▶ [HOW TO COMPLETE THIS TASK]:
What does the data read, word for word, from the line containing "using pmf_bernoulli_no_new_row_le[OF assms(3), of R] by (intro" through its final line? Give those lines only.

Records contained in a dataset:

******

(* For any $\alpha\in(0,1/2)$ and any (possibly $K$-dependent) integer $t$ with $0\le t\le K^{1+\alpha}$, \[ \frac{C_t-\widetilde C_t}{K}\to0\quad\text{in probability as }K\to\infty. \]
   Context: Incremental construction. Fix an integer $K\ge2$, $[n]=\{1,\dots,n\}$. A random $K\times K$ matrix $\Psi$ is filled with $1,\dots,K^2$, the integer $s$ placed at step $s$. After step $t$, $R_t$, $C_t$ are the numbers of nonempty rows and columns (nonempty rows are $1,\dots,R_t$, nonempty columns $1,\dots,C_t$), and $M_t$ is the submatrix with rows $[R_t]$, columns $[C_t]$; $R_0=C_0=0$. Step 1: $\Psi(1,1)=1$ ($R_1=C_1=1$), counted as creating a new row and a new column. For $t=1,\dots,K^2-1$, step $t+1$: with conditional probability $\rho_{t+1}=\frac{(K-R_t)K}{K^2-t}$ a new row is created ($R_{t+1}=R_t+1$), and independently with probability $\frac{K-C_t}{K}$ also a new column ($C_{t+1}=C_t+1$, $\Psi(R_{t+1},C_{t+1})=t+1$), otherwise $C_{t+1}=C_t$ and $\Psi(R_{t+1},Z)=t+1$ with $Z$ uniform in $[C_t]$. With probability $1-\rho_{t+1}$, no new row is created ($R_{t+1}=R_t$) and a uniformly random empty cell $(X,Y)$ among rows $[R_t]$ is chosen by rejection sampling: cells are drawn independently and uniformly among the $R_tK$ cells of rows $[R_t]$ until an empty one is drawn; $U_{t+1}=1$ if the first draw is empty, $U_{t+1}=0$ otherwise. If $Y>C_t$ then $C_{t+1}=C_t+1$ and $\Psi(X,C_{t+1})=t+1$; otherwise $C_{t+1}=C_t$ and $\Psi(X,Y)=t+1$. Define $\widetilde C_0=0$ and, for $s\ge1$: $\widetilde C_s-\widetilde C_{s-1}=C_s-C_{s-1}$, except at steps $s$ where no new row is created and $U_s=0$, where $\widetilde C_s=\widetilde C_{s-1}$. *)

theory Defs
  imports "HOL-Probability.Probability"
begin

text \<open>State after step t: (R_t, C_t, Ctilde_t, Psi), where Psi (i,j) is the entry of
  cell (i,j) (rows/columns indexed from 1), and 0 means the cell is empty.\<close>

type_synonym mstate = "nat \<times> nat \<times> nat \<times> (nat \<times> nat \<Rightarrow> nat)"

definition st_R :: "mstate \<Rightarrow> nat" where "st_R s = fst s"
definition st_C :: "mstate \<Rightarrow> nat" where "st_C s = fst (snd s)"
definition st_Ct :: "mstate \<Rightarrow> nat" where "st_Ct s = fst (snd (snd s))"
definition st_Psi :: "mstate \<Rightarrow> (nat \<times> nat \<Rightarrow> nat)" where "st_Psi s = snd (snd (snd s))"

text \<open>The first draw is uniform over all R*K cells; if it is empty it is accepted (U = True),
  otherwise the accepted cell is the first empty cell among further i.i.d. uniform draws,
  which is uniform over the empty cells (U = False).\<close>

definition rejection_sample :: "nat \<Rightarrow> nat \<Rightarrow> (nat \<times> nat \<Rightarrow> nat) \<Rightarrow> (bool \<times> (nat \<times> nat)) pmf" where
  "rejection_sample K R Psi =
     bind_pmf (pmf_of_set ({1..R} \<times> {1..K})) (\<lambda>d.
       if Psi d = 0 then return_pmf (True, d)
       else map_pmf (\<lambda>c. (False, c)) (pmf_of_set {c \<in> {1..R} \<times> {1..K}. Psi c = 0}))"

definition step :: "nat \<Rightarrow> nat \<Rightarrow> mstate \<Rightarrow> mstate pmf" where
  "step K t s =
    (let R = st_R s; C = st_C s; Ct = st_Ct s; Psi = st_Psi s in
     if t = 0 then return_pmf (1, 1, 1, Psi((1,1) := 1))
     else if K^2 \<le> t then return_pmf s
     else bind_pmf (bernoulli_pmf (real ((K - R) * K) / real (K^2 - t))) (\<lambda>newrow.
       if newrow then
         bind_pmf (bernoulli_pmf (real (K - C) / real K)) (\<lambda>newcol.
           if newcol then return_pmf (R + 1, C + 1, Ct + 1, Psi((R + 1, C + 1) := t + 1))
           else map_pmf (\<lambda>z. (R + 1, C, Ct, Psi((R + 1, z) := t + 1))) (pmf_of_set {1..C}))
       else
         map_pmf (\<lambda>(U, (x, y)).
            if C < y then (R, C + 1, (if U then Ct + 1 else Ct), Psi((x, C + 1) := t + 1))
            else (R, C, Ct, Psi((x, y) := t + 1)))
           (rejection_sample K R Psi)))"

fun proc :: "nat \<Rightarrow> nat \<Rightarrow> mstate pmf" where
  "proc K 0 = return_pmf (0, 0, 0, (\<lambda>_. 0))"
| "proc K (Suc t) = bind_pmf (proc K t) (step K t)"

end

(* C_t - C~_t grows only at a step that creates no new row and whose first rejection draw
   hits a filled cell. Given the state after step s, such a step has probability at most
   (R K / (K^2 - s)) * (s / (R K)) = s / (K^2 - s): the first factor bounds the chance of
   no new row, the second the fraction of filled cells among the R K cells of the nonempty
   rows. Hence E (C_t - C~_t) <= sum_{s<t} s / (K^2 - s) <= 2 t^2 / K^2 once 2 t <= K^2,
   and Markov's inequality gives P (C_t - C~_t > eps K) <= 2 t^2 / (eps K^3), which is at
   most (2 / eps) K^(2 alpha - 1) for t <= K^(1 + alpha). *)

theory Submission
  imports Defs
begin

definition filled :: "(nat \<times> nat \<Rightarrow> nat) \<Rightarrow> (nat \<times> nat) set" where
  "filled Psi = {d. Psi d \<noteq> 0}"

definition state_inv :: "nat \<Rightarrow> mstate \<Rightarrow> bool" where
  "state_inv t s \<longleftrightarrow>
     finite (filled (st_Psi s)) \<and> card (filled (st_Psi s)) \<le> t \<and> st_Ct s \<le> st_C s"

lemma filled_fun_upd: "filled (Psi(a := v)) \<subseteq> insert a (filled Psi)"
  by (auto simp: filled_def)

lemma state_inv_fun_upd:
  assumes "state_inv t (R, C, Ct, Psi)" "Ct' \<le> C'"
  shows "state_inv (Suc t) (R', C', Ct', Psi(a := v))"
proof -
  have fin: "finite (filled Psi)" and card: "card (filled Psi) \<le> t"
    using assms(1) by (simp_all add: state_inv_def st_Psi_def)
  have "card (filled (Psi(a := v))) \<le> card (insert a (filled Psi))"
    using fin filled_fun_upd by (intro card_mono) auto
  also have "\<dots> \<le> Suc t"
    using card by (simp add: card_insert_if fin)
  finally have "card (filled (Psi(a := v))) \<le> Suc t" .
  moreover have "finite (filled (Psi(a := v)))"
    using fin filled_fun_upd by (meson finite_insert finite_subset)
  ultimately show ?thesis
    using assms(2) by (simp add: state_inv_def st_Psi_def st_C_def st_Ct_def)
qed

lemma state_inv_step:
  assumes "state_inv t s" "s' \<in> set_pmf (step K t s)"
  shows "state_inv (Suc t) s'"
proof -
  obtain R C Ct Psi where s: "s = (R, C, Ct, Psi)" by (cases s)
  have inv: "state_inv t (R, C, Ct, Psi)" and "Ct \<le> C"
    using assms(1) by (simp_all add: s state_inv_def st_C_def st_Ct_def)
  consider "t = 0" | "0 < t" "K\<^sup>2 \<le> t" | "0 < t" "t < K\<^sup>2" by linarith
  then show ?thesis
  proof cases
    case 1
    with assms(2) state_inv_fun_upd[OF inv, of 1 1] show ?thesis
      by (simp add: s step_def st_Psi_def)
  next
    case 2
    with assms show ?thesis
      by (auto simp: step_def state_inv_def)
  next
    case 3
    with assms(2) \<open>Ct \<le> C\<close> show ?thesis
      unfolding s step_def
      by (auto simp: Let_def st_R_def st_C_def st_Ct_def st_Psi_def
            intro!: state_inv_fun_upd[OF inv] split: if_splits prod.splits)
  qed
qed

lemma state_inv_proc: "s \<in> set_pmf (proc K t) \<Longrightarrow> state_inv t s"
proof (induction t arbitrary: s)
  case 0
  then show ?case by (simp add: state_inv_def filled_def st_Psi_def st_C_def st_Ct_def)
next
  case (Suc t)
  then obtain s0 where "s0 \<in> set_pmf (proc K t)" "s \<in> set_pmf (step K t s0)" by auto
  with Suc.IH state_inv_step show ?case by blast
qed

definition gap :: "mstate \<Rightarrow> nat" where
  "gap s = st_C s - st_Ct s"

lemma emeasure_rejection_sample_rejected_le:
  assumes "finite (filled Psi)" "0 < R" "0 < K"
  shows "emeasure (rejection_sample K R Psi) {w. \<not> fst w}
           \<le> ennreal (real (card (filled Psi)) / (real R * real K))"
proof -
  define S where "S = {1..R} \<times> {1..K}"
  have S: "finite S" "S \<noteq> {}" "card S = R * K"
    using assms by (auto simp: S_def)
  have "emeasure (rejection_sample K R Psi) {w. \<not> fst w}
          = (\<integral>\<^sup>+d. indicator (filled Psi) d \<partial>pmf_of_set S)"
    unfolding rejection_sample_def S_def[symmetric] emeasure_bind_pmf
    by (intro nn_integral_cong)
      (auto simp: filled_def indicator_def vimage_def measure_pmf.emeasure_space_1)
  also have "\<dots> = ennreal (real (card (S \<inter> filled Psi)) / real (R * K))"
    using S by (simp add: emeasure_pmf_of_set)
  also have "\<dots> \<le> ennreal (real (card (filled Psi)) / (real R * real K))"
    using assms by (auto intro!: ennreal_leI divide_right_mono card_mono)
  finally show ?thesis .
qed

lemma nn_integral_bernoulli_pmf_le:
  assumes "f True \<le> c" "f False \<le> c + d"
  shows "(\<integral>\<^sup>+b. f b \<partial>bernoulli_pmf p) \<le> c + ennreal (pmf (bernoulli_pmf p) False) * d"
proof -
  define q where "q = pmf (bernoulli_pmf p) False"
  have q: "0 \<le> q" "pmf (bernoulli_pmf p) True = 1 - q"
    by (simp_all add: q_def bernoulli_pmf.rep_eq)
  have "(\<integral>\<^sup>+b. f b \<partial>bernoulli_pmf p) = f True * ennreal (1 - q) + f False * ennreal q"
    by (subst nn_integral_measure_pmf_support[of UNIV]) (auto simp: UNIV_bool q q_def)
  also have "\<dots> \<le> c * ennreal (1 - q) + (c + d) * ennreal q"
    using assms by (intro add_mono mult_right_mono) auto
  also have "\<dots> = c * (ennreal (1 - q) + ennreal q) + ennreal q * d"
    by (simp add: algebra_simps)
  also have "ennreal (1 - q) + ennreal q = 1"
    using q(1) q_def by (simp add: bernoulli_pmf.rep_eq flip: ennreal_plus)
  finally show ?thesis by (simp add: q_def)
qed

lemma pmf_bernoulli_no_new_row_le:
  fixes K R t :: nat
  assumes "t < K\<^sup>2"
  shows "pmf (bernoulli_pmf (real ((K - R) * K) / real (K\<^sup>2 - t))) False
           \<le> real R * real K / real (K\<^sup>2 - t)"
proof -
  define N where "N = real (K\<^sup>2 - t)"
  have "real t < real K * real K"
    using assms by (simp add: power2_eq_square flip: of_nat_mult)
  then have N: "0 < N" "N \<le> real K * real K"
    using assms by (simp_all add: N_def of_nat_diff power2_eq_square)
  have "real K * real K - real R * real K \<le> real ((K - R) * K)"
    by (cases "R \<le> K") (simp_all add: of_nat_diff algebra_simps mult_left_mono)
  then have "(N - real ((K - R) * K)) / N \<le> real R * real K / N"
    using N by (intro divide_right_mono) auto
  then have "1 - real ((K - R) * K) / N \<le> real R * real K / N"
    using N(1) by (simp add: diff_divide_distrib)
  moreover have "0 \<le> real R * real K / N"
    using N by simp
  ultimately show ?thesis
    by (simp add: bernoulli_pmf.rep_eq N_def[symmetric])
qed

lemma no_new_row_rejected_le:
  assumes "finite (filled Psi)" "card (filled Psi) \<le> t" "t < K\<^sup>2"
  shows "ennreal (pmf (bernoulli_pmf (real ((K - R) * K) / real (K\<^sup>2 - t))) False)
           * emeasure (rejection_sample K R Psi) {w. \<not> fst w}
         \<le> ennreal (real t / real (K\<^sup>2 - t))"
proof (cases "R = 0")
  case True
  then show ?thesis
    using pmf_bernoulli_no_new_row_le[OF assms(3), of R] by simp
next
  case False
  have "0 < K" using assms(3) by (cases K) auto
  have "emeasure (rejection_sample K R Psi) {w. \<not> fst w}
          \<le> ennreal (real (card (filled Psi)) / (real R * real K))"
    using False \<open>0 < K\<close> by (intro emeasure_rejection_sample_rejected_le assms(1)) auto
  also have "\<dots> \<le> ennreal (real t / (real R * real K))"
    using assms(2) by (intro ennreal_leI divide_right_mono) auto
  finally have "ennreal (pmf (bernoulli_pmf (real ((K - R) * K) / real (K\<^sup>2 - t))) False)
        * emeasure (rejection_sample K R Psi) {w. \<not> fst w}
      \<le> ennreal (real R * real K / real (K\<^sup>2 - t)) * ennreal (real t / (real R * real K))"
    using pmf_bernoulli_no_new_row_le[OF assms(3), of R] by (intro mult_mono ennreal_leI) auto
  also have "\<dots> = ennreal (real t / real (K\<^sup>2 - t))"
    using False \<open>0 < K\<close> by (simp flip: ennreal_mult)
  finally show ?thesis .
qed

******

▶ [YOUR RESPONSE]:
    using pmf_bernoulli_no_new_row_le[OF assms(3), of R] by (intro mult_mono ennreal_leI) auto
  also have "\<dots> = ennreal (real t / real (K\<^sup>2 - t))"
    using False \<open>0 < K\<close> by (simp flip: ennreal_mult)
  finally show ?thesis .
qed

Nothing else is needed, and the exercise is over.